Got to be natty im afraid mate


----------



## 3752 (Jan 7, 2005)

ash1981 said:


> I have pics...
> 
> I know that i need mass, and from the 1st of october once im back from my hols i will try to do that
> 
> ...


why do people think just because you are with a coach you are being spoon fed? of course you get instructions from the coach but a good coach goes through every detail allowing you to understand why and what you are doing its not being spoon fed it is learning from someone more experienced.

in saying that no coach will suddenly make you a monster as they have to work out what is best for you this may take a few months. if you just want to put on weight just to fill out then the best advice you can get is to eat more food


----------



## Ash1981 (Jun 16, 2009)

Pscarb said:


> why do people think just because you are with a coach you are being spoon fed? of course you get instructions from the coach but a good coach goes through every detail allowing you to understand why and what you are doing its not being spoon fed it is learning from someone more experienced.
> 
> in saying that no coach will suddenly make you a monster as they have to work out what is best for you this may take a few months. if you just want to put on weight just to fill out then the best advice you can get is to eat more food


Ok not spoon fed then but one of my biggest problems is swapping and changing from one routine to another and diet also, with a coach you do what they say and what they thinks best for you.

I am quite lean now and want to get bigger but would like to try and stay this lean


----------



## Ash1981 (Jun 16, 2009)

Bumpo for anyone


----------



## 3752 (Jan 7, 2005)

ash1981 said:


> Ok not spoon fed then but one of my biggest problems is swapping and changing from one routine to another and diet also, with a coach you do what they say and what they thinks best for you.
> 
> I am quite lean now and want to get bigger but would like to try and stay this lean


well if you are not achieving your goals now change seems the right thing to do but a good coach works with you not dictates to you......but that's by the by.....you want to get bigger yet maintain some leanness, then eat more quality calories and don't drop the cardio


----------



## Dagman72 (Apr 2, 2009)

if you have the money and feel you need guidance then get a coach.
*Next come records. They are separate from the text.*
(* Let $\psi$ be an inner function, let $a,b\in\mathbb{C}$ with $b\in\mathbb{D}$ and $|a|+|b|\le1$, and let $\varphi(z)=az\psi(z)+b$. Then the composition operator $C_\varphi$ on $H^2(\mathbb{D})$ satisfies $$\|C_\varphi\|=\sqrt{\frac{2}{1+|a|^2-|b|^2+\sqrt{(1-|a|^2+|b|^2)^2-4|b|^2}}}.$$
   Context: $\mathbb{D}$ is the open unit disc; $H^2(\mathbb{D})$ is the Hardy space of holomorphic $f(z)=\sum a_nz^n$ with $\|f\|^2=\sum|a_n|^2<\infty$. An inner function is a holomorphic map $\mathbb{D}\to\mathbb{D}$ whose radial limits have modulus $1$ a.e. on the unit circle. $C_\varphi f=f\circ\varphi$. *)

theory Defs
  imports "HOL-Complex_Analysis.Complex_Analysis"
begin

abbreviation unit_disc :: "complex set" where
  "unit_disc \<equiv> ball 0 1"

definition taylor_coeff :: "(complex \<Rightarrow> complex) \<Rightarrow> nat \<Rightarrow> complex" where
  "taylor_coeff f n = (deriv ^^ n) f 0 / of_nat (fact n)"

definition H2 :: "(complex \<Rightarrow> complex) set" where
  "H2 = {f. f holomorphic_on unit_disc \<and> summable (\<lambda>n. (norm (taylor_coeff f n))\<^sup>2)}"

definition H2_norm :: "(complex \<Rightarrow> complex) \<Rightarrow> real" where
  "H2_norm f = sqrt (\<Sum>n. (norm (taylor_coeff f n))\<^sup>2)"

definition inner_function :: "(complex \<Rightarrow> complex) \<Rightarrow> bool" where
  "inner_function \<psi> \<longleftrightarrow>
     \<psi> holomorphic_on unit_disc \<and> \<psi> ` unit_disc \<subseteq> unit_disc \<and>
     (AE t in lebesgue. t \<in> {0..2*pi} \<longrightarrow>
        (\<exists>L. norm L = 1 \<and> ((\<lambda>r. \<psi> (complex_of_real r * cis t)) \<longlongrightarrow> L) (at_left 1)))"

definition comp_op :: "(complex \<Rightarrow> complex) \<Rightarrow> (complex \<Rightarrow> complex) \<Rightarrow> (complex \<Rightarrow> complex)" where
  "comp_op \<phi> f = f \<circ> \<phi>"

definition comp_op_norm :: "(complex \<Rightarrow> complex) \<Rightarrow> real" where
  "comp_op_norm \<phi> = (SUP f \<in> {f \<in> H2. H2_norm f \<le> 1}. H2_norm (comp_op \<phi> f))"

end

theory Submission
  imports Defs
begin

text \<open>
  Upper bound: \<open>C\<^sub>\<phi> f = F (z \<psi> z)\<close> with \<open>F w = f (a w + b)\<close>. The map \<open>z \<psi> z\<close> sends the disc into
  itself and fixes \<open>0\<close>, so Littlewood's subordination principle gives \<open>\<parallel>C\<^sub>\<phi> f\<parallel> \<le> \<parallel>F\<parallel>\<close>; a Schur
  test on the matrix expressing the Taylor coefficients of \<open>F\<close> through those of \<open>f\<close> gives Cowen's
  bound for the affine composition, \<open>\<parallel>F\<parallel>\<^sup>2 \<le> L \<parallel>f\<parallel>\<^sup>2\<close> with \<open>L\<close> the squared right-hand side.

  Lower bound: \<open>C\<^sub>\<phi>\<close> maps the reproducing kernel \<open>k\<^sub>w z = 1 / (1 - w\<^sup>* z)\<close> to a multiple of
  \<open>k\<^sub>v (z \<psi> z)\<close>. Because \<open>\<psi>\<close> has unimodular radial limits almost everywhere, the circle means of
  \<open>\<bar>\<psi>\<bar>\<^sup>2\<close> tend to \<open>1\<close>, and a Poisson kernel estimate shows \<open>\<parallel>k\<^sub>v (z \<psi> z)\<parallel> \<ge> \<parallel>k\<^sub>v\<parallel>\<close>. Taking
  \<open>w = s b / \<bar>b\<bar>\<close> gives lower bounds that attain \<open>L\<close> at a root of a quadratic in \<open>s\<close>, or tend to it
  as \<open>s \<rightarrow> 1\<close> when \<open>\<bar>a\<bar> + \<bar>b\<bar> = 1\<close>.
\<close>

section \<open>Hardy space norms as circle means\<close>

lemma norm_circlepath_0 [simp]: "0 \<le> r \<Longrightarrow> norm (circlepath 0 r s) = r"
  by (simp add: circlepath norm_mult)

lemma taylor_coeff_sums:
  assumes "f holomorphic_on unit_disc" and "norm z < 1"
  shows "(\<lambda>n. taylor_coeff f n * z ^ n) sums f z"
  using holomorphic_power_series[OF assms(1), of z] assms(2) by (simp add: taylor_coeff_def)

lemma summable_norm_taylor_coeff:
  assumes hol: "f holomorphic_on unit_disc" and r: "0 \<le> r" "r < 1"
  shows "summable (\<lambda>n. norm (taylor_coeff f n) * r ^ n)"
proof -
  have "conv_radius (taylor_coeff f) \<ge> 1"
  proof (rule conv_radius_geI_ex')
    fix \<rho> :: real
    assume "0 < \<rho>" "ereal \<rho> < 1"
    then show "summable (\<lambda>n. taylor_coeff f n * complex_of_real \<rho> ^ n)"
      using taylor_coeff_sums[OF hol, of "of_real \<rho>"] by (auto simp: sums_iff)
  qed
  then have "ereal (norm (complex_of_real r)) < conv_radius (taylor_coeff f)"
    using r by (auto intro: order_less_le_trans[of _ 1])
  from abs_summable_in_conv_radius[OF this] show ?thesis
    using r by (simp add: norm_mult norm_power)
qed

lemma taylor_coeff_has_integral_circlepath:
  assumes hol: "f holomorphic_on unit_disc" and r: "0 < r" "r < 1"
  shows "((\<lambda>s. f (circlepath 0 r s) / circlepath 0 r s ^ k) has_integral taylor_coeff f k) {0..1}"
proof -
  have "((\<lambda>w. f w / (w - 0) ^ Suc k) has_contour_integral (2 * pi * \<i> / fact k * (deriv ^^ k) f 0))
      (circlepath 0 r)"
    using r by (intro Cauchy_has_contour_integral_higher_derivative_circlepath
        holomorphic_on_imp_continuous_on holomorphic_on_subset[OF hol]) auto
  then have "((\<lambda>s. f (circlepath 0 r s) / circlepath 0 r s ^ Suc k *
      vector_derivative (circlepath 0 r) (at s within {0..1}))
      has_integral (2 * pi * \<i> / fact k * (deriv ^^ k) f 0)) {0..1}"
    by (simp add: has_contour_integral_def)
  then have "((\<lambda>s. 2 * pi * \<i> * (f (circlepath 0 r s) / circlepath 0 r s ^ k))
      has_integral (2 * pi * \<i> / fact k * (deriv ^^ k) f 0)) {0..1}"
  proof (rule has_integral_eq[rotated])
    fix s :: real
    assume "s \<in> {0..1}"
    then have "vector_derivative (circlepath 0 r) (at s within {0..1}) = 2 * pi * \<i> * circlepath 0 r s"
      by (simp add: vector_derivative_circlepath01) (simp add: circlepath)
    moreover have "circlepath 0 r s \<noteq> 0"
      using r by (auto simp: circlepath)
    ultimately show "f (circlepath 0 r s) / circlepath 0 r s ^ Suc k *
        vector_derivative (circlepath 0 r) (at s within {0..1}) =
        2 * pi * \<i> * (f (circlepath 0 r s) / circlepath 0 r s ^ k)"
      by (simp add: field_simps)
  qed
  from has_integral_mult_right[OF this, of "1 / (2 * pi * \<i>)"] show ?thesis
    by (simp add: taylor_coeff_def field_simps)
qed

lemma cnj_circlepath_power:
  assumes "0 < r"
  shows "cnj (circlepath 0 r s ^ n) = r ^ (2 * n) / circlepath 0 r s ^ n"
proof -
  have "cnj (circlepath 0 r s) * circlepath 0 r s = of_real (r\<^sup>2)"
    using assms by (simp add: complex_norm_square[symmetric] mult.commute)
  then have "cnj (circlepath 0 r s) = r\<^sup>2 / circlepath 0 r s"
    using assms by (auto simp: field_simps circlepath)
  then show ?thesis
    by (simp add: power_divide power_mult)
qed

text \<open>Orthogonality of the monomials on the circle leaves only the diagonal terms.\<close>

lemma has_integral_mult_cnj_partial_sum:
  assumes hol: "f holomorphic_on unit_disc" and r: "0 < r" "r < 1"
  defines "\<gamma> \<equiv> circlepath 0 r"
  shows "((\<lambda>s. f (\<gamma> s) * cnj (\<Sum>n<N. taylor_coeff f n * \<gamma> s ^ n))
      has_integral of_real (\<Sum>n<N. (norm (taylor_coeff f n))\<^sup>2 * r ^ (2 * n))) {0..1}"
proof -
  define c where "c = taylor_coeff f"
  have "((\<lambda>s. \<Sum>n<N. cnj (c n) * r ^ (2 * n) * (f (\<gamma> s) / \<gamma> s ^ n))
      has_integral (\<Sum>n<N. cnj (c n) * r ^ (2 * n) * c n)) {0..1}"
    unfolding \<gamma>_def c_def
    by (intro has_integral_sum has_integral_mult_right taylor_coeff_has_integral_circlepath[OF hol r]) auto
  moreover have "(\<lambda>s. f (\<gamma> s) * cnj (\<Sum>n<N. c n * \<gamma> s ^ n)) =
      (\<lambda>s. \<Sum>n<N. cnj (c n) * r ^ (2 * n) * (f (\<gamma> s) / \<gamma> s ^ n))"
    using cnj_circlepath_power[OF r(1)] by (simp add: \<gamma>_def sum_distrib_left field_simps)
  moreover have "(\<Sum>n<N. cnj (c n) * r ^ (2 * n) * c n) = of_real (\<Sum>n<N. (norm (c n))\<^sup>2 * r ^ (2 * n))"
    unfolding of_real_sum
  proof (rule sum.cong[OF refl])
    fix n
    have "cnj (c n) * c n = of_real ((norm (c n))\<^sup>2)"
      by (subst complex_norm_square) (rule mult.commute)
    then show "cnj (c n) * r ^ (2 * n) * c n = of_real ((norm (c n))\<^sup>2 * r ^ (2 * n))"
      by (metis mult.commute mult.left_commute of_real_mult of_real_power)
  qed
  ultimately show ?thesis
    by (simp only: c_def)
qed

lemma summable_taylor_coeff_sq_power:
  assumes hol: "f holomorphic_on unit_disc" and r: "0 \<le> r" "r < 1"
  shows "summable (\<lambda>n. (norm (taylor_coeff f n))\<^sup>2 * r ^ (2 * n))"
proof -
  have sA: "summable (\<lambda>n. norm (taylor_coeff f n) * r ^ n)"
    by (rule summable_norm_taylor_coeff[OF hol r])
  define B where "B = (\<Sum>n. norm (taylor_coeff f n) * r ^ n)"
  have B: "norm (taylor_coeff f n) * r ^ n \<le> B" for n
    unfolding B_def using r by (intro sum_le_suminf[OF sA, of "{n}", simplified]) auto
  show ?thesis
  proof (rule summable_comparison_test'[OF summable_mult[OF sA, of B]])
    fix n
    have "(norm (taylor_coeff f n))\<^sup>2 * r ^ (2 * n) =
        (norm (taylor_coeff f n) * r ^ n) * (norm (taylor_coeff f n) * r ^ n)"
      by (simp add: power2_eq_square power_mult_distrib power_mult mult_ac)
    also have "\<dots> \<le> B * (norm (taylor_coeff f n) * r ^ n)"
      using B[of n] r by (intro mult_right_mono) auto
    finally show "norm ((norm (taylor_coeff f n))\<^sup>2 * r ^ (2 * n)) \<le> B * (norm (taylor_coeff f n) * r ^ n)"
      by simp
  qed
qed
Remember it is yourself that needs to stick with it. Im trying to cut at the mo but if i need help i will ask (got a few people in mind). Like anything you get good and bad coaches.


----------



## Ash1981 (Jun 16, 2009)

Yea and i have had a bad coach in the past which makes me wonder if its the way to go but like you said good and bad

i have a split lined up for post holiday and would certainly be the cheaper option


----------



## Dagman72 (Apr 2, 2009)

ash1981 said:


> Yea and i have had a bad coach in the past which makes me wonder if its the way to go but like you said good and bad
> 
> i have a split lined up for post holiday and would certainly be the cheaper option


Try on your own and see how you go, if your having problems then create a thread on here and if you want a coach then ask them what they offer etc.


----------



## stavmangr (Nov 25, 2008)

Well my opinion is:

are you going to get serious with bb meaning competitions,etc?? definitely you need a coach .

are you just training for the fun of it and you like bars,gym and way of healthy living ?? coach is a waste of money,bb training and grow and bber looking body it takes years of training ,with or without steroids.


----------



## zak007 (Nov 12, 2011)

coaches will help a lot im working with one just now and they adapt to your needs not had much results but only just started and its fairly priced as well

Working with the coach youll get more than gains youll also learn what works for you and how you cope with different things plenty of things can be achieved natty as well gears not a must if your strict and can hold down a diet especially if you want to stay lean


----------



## Ash1981 (Jun 16, 2009)

I suppose it's cos I'm now leaner then I've ever been. I'm ready to start adding quality mass but love the lean look

I just don't wanna fck it up by putting on too much fat but again on the other hand dont want to jeopardise gains


----------



## Sambuca (Jul 25, 2012)

I've got an amazing pt. I would recommend one if you can find a good one.


----------



## Fatstuff (Mar 2, 2010)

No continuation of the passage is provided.